* [WORK TO BE COMPLETED]
Gather every line from the entries below that includes "using".

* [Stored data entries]
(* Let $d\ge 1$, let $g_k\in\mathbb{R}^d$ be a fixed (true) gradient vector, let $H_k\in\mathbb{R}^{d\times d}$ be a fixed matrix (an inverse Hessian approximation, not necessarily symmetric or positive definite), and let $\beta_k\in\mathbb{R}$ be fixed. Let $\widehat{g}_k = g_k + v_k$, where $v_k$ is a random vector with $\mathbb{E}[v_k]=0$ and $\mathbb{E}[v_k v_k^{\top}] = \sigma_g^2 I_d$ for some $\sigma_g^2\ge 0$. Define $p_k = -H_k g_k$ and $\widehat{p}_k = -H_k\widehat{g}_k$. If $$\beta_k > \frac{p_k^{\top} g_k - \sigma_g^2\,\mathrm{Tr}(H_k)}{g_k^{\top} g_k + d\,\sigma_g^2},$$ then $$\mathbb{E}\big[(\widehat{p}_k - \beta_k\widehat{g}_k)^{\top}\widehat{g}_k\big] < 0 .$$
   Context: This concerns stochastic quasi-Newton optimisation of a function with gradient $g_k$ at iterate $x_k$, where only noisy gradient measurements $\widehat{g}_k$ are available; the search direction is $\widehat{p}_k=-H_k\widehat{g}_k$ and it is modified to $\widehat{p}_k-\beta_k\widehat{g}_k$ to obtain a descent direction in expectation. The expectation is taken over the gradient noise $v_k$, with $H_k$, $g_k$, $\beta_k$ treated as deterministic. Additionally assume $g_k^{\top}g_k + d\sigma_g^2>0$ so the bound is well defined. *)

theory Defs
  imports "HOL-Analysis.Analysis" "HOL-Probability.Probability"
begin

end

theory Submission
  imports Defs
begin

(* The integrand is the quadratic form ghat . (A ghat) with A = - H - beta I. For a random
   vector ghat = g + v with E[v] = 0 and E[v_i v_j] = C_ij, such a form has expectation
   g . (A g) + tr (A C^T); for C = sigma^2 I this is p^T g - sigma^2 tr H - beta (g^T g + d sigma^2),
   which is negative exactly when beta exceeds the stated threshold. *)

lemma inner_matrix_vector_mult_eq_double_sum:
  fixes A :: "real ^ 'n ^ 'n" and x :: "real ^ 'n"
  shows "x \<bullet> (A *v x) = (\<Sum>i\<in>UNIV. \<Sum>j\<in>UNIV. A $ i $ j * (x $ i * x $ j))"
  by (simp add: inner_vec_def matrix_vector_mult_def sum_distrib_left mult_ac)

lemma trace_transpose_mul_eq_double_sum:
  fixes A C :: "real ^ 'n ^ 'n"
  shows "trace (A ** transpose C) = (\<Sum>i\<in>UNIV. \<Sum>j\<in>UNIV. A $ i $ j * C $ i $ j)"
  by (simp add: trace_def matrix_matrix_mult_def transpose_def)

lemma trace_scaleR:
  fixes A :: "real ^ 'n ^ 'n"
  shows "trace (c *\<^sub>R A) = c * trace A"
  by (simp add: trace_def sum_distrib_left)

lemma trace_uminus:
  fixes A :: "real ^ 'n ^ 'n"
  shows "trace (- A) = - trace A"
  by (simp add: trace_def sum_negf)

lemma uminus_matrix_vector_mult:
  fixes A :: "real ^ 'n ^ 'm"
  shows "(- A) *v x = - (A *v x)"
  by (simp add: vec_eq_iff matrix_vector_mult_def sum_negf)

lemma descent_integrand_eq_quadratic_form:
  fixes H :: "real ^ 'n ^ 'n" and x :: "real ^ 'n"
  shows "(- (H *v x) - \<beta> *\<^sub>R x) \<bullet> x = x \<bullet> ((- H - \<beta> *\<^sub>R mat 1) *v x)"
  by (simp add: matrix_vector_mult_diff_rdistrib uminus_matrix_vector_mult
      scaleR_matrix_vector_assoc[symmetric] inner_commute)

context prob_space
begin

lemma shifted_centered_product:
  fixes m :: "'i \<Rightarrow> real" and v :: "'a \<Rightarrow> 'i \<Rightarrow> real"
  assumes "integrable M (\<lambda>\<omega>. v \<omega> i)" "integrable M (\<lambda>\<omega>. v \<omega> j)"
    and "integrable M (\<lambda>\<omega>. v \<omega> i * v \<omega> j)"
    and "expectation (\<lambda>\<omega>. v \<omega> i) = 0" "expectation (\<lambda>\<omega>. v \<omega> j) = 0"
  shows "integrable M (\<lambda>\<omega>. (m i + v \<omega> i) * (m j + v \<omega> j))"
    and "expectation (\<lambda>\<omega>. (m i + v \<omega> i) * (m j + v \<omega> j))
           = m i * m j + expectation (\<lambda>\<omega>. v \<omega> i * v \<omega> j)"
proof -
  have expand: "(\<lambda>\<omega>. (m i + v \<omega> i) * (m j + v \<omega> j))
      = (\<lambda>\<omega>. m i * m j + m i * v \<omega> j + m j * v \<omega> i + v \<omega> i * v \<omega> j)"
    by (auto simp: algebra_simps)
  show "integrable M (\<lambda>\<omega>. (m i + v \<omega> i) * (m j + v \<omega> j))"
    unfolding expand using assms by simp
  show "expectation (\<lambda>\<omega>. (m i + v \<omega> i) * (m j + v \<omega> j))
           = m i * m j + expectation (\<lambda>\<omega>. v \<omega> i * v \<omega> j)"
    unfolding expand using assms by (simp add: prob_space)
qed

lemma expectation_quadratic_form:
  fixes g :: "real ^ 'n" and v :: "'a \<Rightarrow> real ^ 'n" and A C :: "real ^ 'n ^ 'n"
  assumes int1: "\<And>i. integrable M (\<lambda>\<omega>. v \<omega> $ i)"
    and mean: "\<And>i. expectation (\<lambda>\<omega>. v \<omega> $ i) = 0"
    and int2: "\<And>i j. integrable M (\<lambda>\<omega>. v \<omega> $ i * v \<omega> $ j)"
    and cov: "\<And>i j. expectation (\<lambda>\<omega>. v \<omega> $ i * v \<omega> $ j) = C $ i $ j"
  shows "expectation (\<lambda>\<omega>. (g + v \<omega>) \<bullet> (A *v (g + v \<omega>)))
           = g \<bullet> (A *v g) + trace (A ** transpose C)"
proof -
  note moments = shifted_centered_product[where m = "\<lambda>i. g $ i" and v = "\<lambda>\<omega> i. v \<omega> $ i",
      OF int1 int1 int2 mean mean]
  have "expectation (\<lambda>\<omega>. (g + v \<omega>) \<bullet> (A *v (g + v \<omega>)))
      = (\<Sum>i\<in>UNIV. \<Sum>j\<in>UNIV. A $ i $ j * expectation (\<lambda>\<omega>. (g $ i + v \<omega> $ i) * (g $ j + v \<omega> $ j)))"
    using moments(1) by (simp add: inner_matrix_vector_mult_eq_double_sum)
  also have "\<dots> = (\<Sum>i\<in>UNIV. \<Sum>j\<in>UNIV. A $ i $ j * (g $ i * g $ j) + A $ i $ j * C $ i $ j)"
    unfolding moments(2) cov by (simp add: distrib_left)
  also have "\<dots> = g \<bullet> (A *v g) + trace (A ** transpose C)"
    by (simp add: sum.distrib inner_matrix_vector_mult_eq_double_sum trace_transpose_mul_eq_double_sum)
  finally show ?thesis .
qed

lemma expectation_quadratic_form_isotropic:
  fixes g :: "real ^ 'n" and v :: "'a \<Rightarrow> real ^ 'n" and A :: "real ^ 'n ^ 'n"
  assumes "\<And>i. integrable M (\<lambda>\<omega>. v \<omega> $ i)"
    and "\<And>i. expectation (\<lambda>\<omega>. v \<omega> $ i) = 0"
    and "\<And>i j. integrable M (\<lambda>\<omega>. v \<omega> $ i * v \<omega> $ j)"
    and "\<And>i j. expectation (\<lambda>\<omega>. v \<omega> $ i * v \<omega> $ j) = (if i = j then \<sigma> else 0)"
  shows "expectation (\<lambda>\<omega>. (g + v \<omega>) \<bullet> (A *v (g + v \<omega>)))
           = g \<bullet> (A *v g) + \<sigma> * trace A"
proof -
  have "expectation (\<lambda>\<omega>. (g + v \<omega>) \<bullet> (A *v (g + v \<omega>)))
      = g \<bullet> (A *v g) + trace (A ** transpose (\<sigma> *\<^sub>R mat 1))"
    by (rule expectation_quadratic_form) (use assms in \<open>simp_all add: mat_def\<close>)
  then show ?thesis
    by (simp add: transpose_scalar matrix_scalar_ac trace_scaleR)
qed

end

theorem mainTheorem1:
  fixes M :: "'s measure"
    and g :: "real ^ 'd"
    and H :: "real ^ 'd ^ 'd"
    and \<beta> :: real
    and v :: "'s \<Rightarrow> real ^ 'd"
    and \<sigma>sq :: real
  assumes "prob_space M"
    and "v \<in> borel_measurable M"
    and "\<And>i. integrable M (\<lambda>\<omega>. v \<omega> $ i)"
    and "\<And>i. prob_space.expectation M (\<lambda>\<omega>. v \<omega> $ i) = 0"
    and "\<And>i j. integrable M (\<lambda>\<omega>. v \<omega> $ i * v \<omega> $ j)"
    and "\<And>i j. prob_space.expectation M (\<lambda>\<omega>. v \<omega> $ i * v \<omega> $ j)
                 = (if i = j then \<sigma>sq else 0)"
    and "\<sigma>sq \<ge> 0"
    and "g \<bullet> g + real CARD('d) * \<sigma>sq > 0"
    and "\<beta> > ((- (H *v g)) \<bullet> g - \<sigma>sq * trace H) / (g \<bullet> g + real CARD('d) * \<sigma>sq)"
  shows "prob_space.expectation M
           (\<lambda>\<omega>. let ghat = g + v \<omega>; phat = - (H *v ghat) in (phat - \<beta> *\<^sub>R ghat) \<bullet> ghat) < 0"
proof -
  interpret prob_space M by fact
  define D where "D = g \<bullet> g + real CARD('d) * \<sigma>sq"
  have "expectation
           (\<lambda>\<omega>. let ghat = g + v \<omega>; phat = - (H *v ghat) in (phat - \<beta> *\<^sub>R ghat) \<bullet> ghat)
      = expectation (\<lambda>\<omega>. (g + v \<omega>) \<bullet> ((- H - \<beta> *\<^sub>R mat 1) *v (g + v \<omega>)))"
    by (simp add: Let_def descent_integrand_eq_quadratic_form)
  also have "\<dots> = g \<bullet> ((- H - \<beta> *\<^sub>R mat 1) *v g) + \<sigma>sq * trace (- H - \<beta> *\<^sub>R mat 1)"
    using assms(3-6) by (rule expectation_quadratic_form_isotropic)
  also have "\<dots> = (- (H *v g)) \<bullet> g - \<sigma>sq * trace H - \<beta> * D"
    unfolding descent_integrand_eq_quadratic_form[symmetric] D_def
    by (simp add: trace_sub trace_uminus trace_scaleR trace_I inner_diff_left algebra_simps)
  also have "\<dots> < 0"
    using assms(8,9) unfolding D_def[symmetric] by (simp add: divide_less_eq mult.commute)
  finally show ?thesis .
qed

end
==
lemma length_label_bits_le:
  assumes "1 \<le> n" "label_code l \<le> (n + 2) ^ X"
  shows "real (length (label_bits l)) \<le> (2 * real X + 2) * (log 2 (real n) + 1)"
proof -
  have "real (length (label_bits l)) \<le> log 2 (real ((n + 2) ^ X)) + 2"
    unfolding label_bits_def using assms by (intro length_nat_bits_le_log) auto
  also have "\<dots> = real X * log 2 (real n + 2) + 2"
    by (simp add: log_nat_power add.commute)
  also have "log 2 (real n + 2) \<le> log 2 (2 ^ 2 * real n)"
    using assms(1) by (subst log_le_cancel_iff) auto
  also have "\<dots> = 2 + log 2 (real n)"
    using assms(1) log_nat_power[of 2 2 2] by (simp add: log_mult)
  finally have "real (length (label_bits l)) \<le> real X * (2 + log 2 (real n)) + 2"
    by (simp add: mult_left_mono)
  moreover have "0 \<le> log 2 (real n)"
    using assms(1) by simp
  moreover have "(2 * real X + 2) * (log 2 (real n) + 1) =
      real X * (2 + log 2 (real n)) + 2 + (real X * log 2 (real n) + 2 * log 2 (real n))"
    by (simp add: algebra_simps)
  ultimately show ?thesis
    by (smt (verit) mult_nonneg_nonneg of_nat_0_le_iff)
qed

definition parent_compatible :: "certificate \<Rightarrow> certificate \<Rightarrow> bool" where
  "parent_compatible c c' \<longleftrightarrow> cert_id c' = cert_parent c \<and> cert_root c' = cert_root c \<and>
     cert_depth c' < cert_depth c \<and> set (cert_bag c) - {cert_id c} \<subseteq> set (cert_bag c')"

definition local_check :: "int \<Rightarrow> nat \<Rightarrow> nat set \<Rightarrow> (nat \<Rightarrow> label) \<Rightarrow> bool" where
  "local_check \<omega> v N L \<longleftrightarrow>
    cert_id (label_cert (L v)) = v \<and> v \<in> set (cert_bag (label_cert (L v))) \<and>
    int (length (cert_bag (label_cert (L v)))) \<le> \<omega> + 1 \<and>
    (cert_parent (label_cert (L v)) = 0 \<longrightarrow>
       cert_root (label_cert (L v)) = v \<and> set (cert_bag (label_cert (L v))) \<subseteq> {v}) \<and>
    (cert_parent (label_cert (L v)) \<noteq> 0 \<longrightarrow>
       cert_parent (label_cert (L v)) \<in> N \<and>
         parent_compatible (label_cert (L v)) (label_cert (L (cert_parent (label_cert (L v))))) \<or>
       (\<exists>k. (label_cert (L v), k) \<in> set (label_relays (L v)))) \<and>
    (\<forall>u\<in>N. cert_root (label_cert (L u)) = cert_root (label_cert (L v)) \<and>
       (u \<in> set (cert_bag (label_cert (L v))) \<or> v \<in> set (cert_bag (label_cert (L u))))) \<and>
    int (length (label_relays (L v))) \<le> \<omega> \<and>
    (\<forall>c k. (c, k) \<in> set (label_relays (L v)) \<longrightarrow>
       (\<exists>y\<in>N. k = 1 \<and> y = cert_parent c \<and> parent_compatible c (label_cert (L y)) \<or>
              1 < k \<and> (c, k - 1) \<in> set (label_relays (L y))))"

* [SOLUTION TO THIS PROBLEM]
    unfolding expand using assms by simp
    unfolding expand using assms by (simp add: prob_space)
    using moments(1) by (simp add: inner_matrix_vector_mult_eq_double_sum)
    using assms(3-6) by (rule expectation_quadratic_form_isotropic)
    using assms(8,9) unfolding D_def[symmetric] by (simp add: divide_less_eq mult.commute)
    unfolding label_bits_def using assms by (intro length_nat_bits_le_log) auto
    using assms(1) by (subst log_le_cancel_iff) auto
    using assms(1) log_nat_power[of 2 2 2] by (simp add: log_mult)
    using assms(1) by simp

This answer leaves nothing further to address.